Os dois partidos que recebem mais recursos do FEFC e do Fundo Partidário em 2020 são o Partido dos Trabalhadores (PT) e o Partido Social Liberal (PSL). O PT recebe do FEFC pouco mais de 201 milhões de reais e 65,3 milhões do Fundo Partidário. Já o PSL recebe aproximadamente 199 milhões do FEFC e 73,7 milhões do Fundo Partidário.

O PT, até o momento, repassou 36,3 milhões de reais, sendo 66,9% em candidaturas de brancos. Em relação a distribuição de gênero, 33,7% da verba está com candidaturas de mulheres – cumprindo, portanto, com a reserva de 30%. Cabe destacar que 18,5% dos recursos estão com candidaturas de mulheres brancas, 12,2% de mulheres pretas e 2,9% de mulheres pardas.

A campanha do PT com mais recursos é a de Jilmar Tatto, candidato a prefeito de São Paulo, com quase 4,5 milhões de reais. As campanhas de Benedita da Silva, candidata a prefeita do Rio de Janeiro, e de Major Denice, candidata a prefeita de Salvador, ambas do gênero feminino e autodeclaradas pretas, receberam, respectivamente, 5,4% e 2,5% do total dos recursos.

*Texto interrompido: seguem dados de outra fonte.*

lemma cyclic_closure_image:
  assumes L_ell2: "\<And>x. x \<in> ell2 \<Longrightarrow> L x \<in> ell2"
    and L_orbit: "\<And>y. y \<in> orbit_span T h \<Longrightarrow> L y \<in> orbit_span T h"
    and L_lipschitz: "\<And>x y. x \<in> ell2 \<Longrightarrow> y \<in> ell2 \<Longrightarrow>
      l2norm (\<lambda>p. L x p - L y p) \<le> C * l2norm (\<lambda>p. x p - y p)"
    and x: "x \<in> cyclic_closure T h"
  shows "L x \<in> cyclic_closure T h"
proof -
  have "\<exists>y\<in>orbit_span T h. l2norm (\<lambda>p. L x p - y p) < \<epsilon>" if e: "\<epsilon> > 0" for \<epsilon>
  proof -
    have C: "\<bar>C\<bar> + 1 > 0" by simp
    obtain y where y: "y \<in> orbit_span T h" "l2norm (\<lambda>p. x p - y p) < \<epsilon> / (\<bar>C\<bar> + 1)"
      by (rule cyclic_closure_approx[OF x divide_pos_pos[OF e C]])
    have "y \<in> ell2" using y(1) orbit_span_subset_ell2[OF h] by blast
    then have "l2norm (\<lambda>p. L x p - L y p) \<le> C * l2norm (\<lambda>p. x p - y p)"
      using x by (intro L_lipschitz) (auto intro: cyclic_closure_ell2)
    also have "\<dots> \<le> (\<bar>C\<bar> + 1) * l2norm (\<lambda>p. x p - y p)"
      by (intro mult_right_mono) (auto simp: l2norm_nonneg)
    also have "\<dots> < \<epsilon>"
      using y(2) C by (simp add: field_simps)
    finally show ?thesis using L_orbit[OF y(1)] by (rule bexI)
  qed
  with x L_ell2 cyclic_closure_ell2 show ?thesis by (simp add: cyclic_closure_def)
qed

A campanha de Jilmar Tatto, sozinha, ultrapassa o valor repassado às candidatas do Rio e Salvador somadas a todas as candidaturas de mulheres pretas do PT. Representante da máquina partidária e com baixíssima intenção de voto, a candidatura de Tatto é símbolo da crítica feita ao partido mesmo internamente. Em um artigo de Leonardo Avritzer neste Observatório, analisamos a dificuldade que a candidatura de Tatto tem nesta eleição.

O PSL já repassou 41,3 milhões de reais, sendo 56% destes recursos a homens brancos. O total destinado a brancos é de 69,4%, e a mulheres é de 27,6%, não cumprindo as regras de distribuição das verbas até o momento. Mulheres pretas receberam 2,4 milhões de reais, o que representa 5,8% dos recursos repassados, mas quase a totalidade (2,3 milhões de reais) foi para uma única pessoa, Vanda Monteiro, candidata a Prefeitura de Palmas.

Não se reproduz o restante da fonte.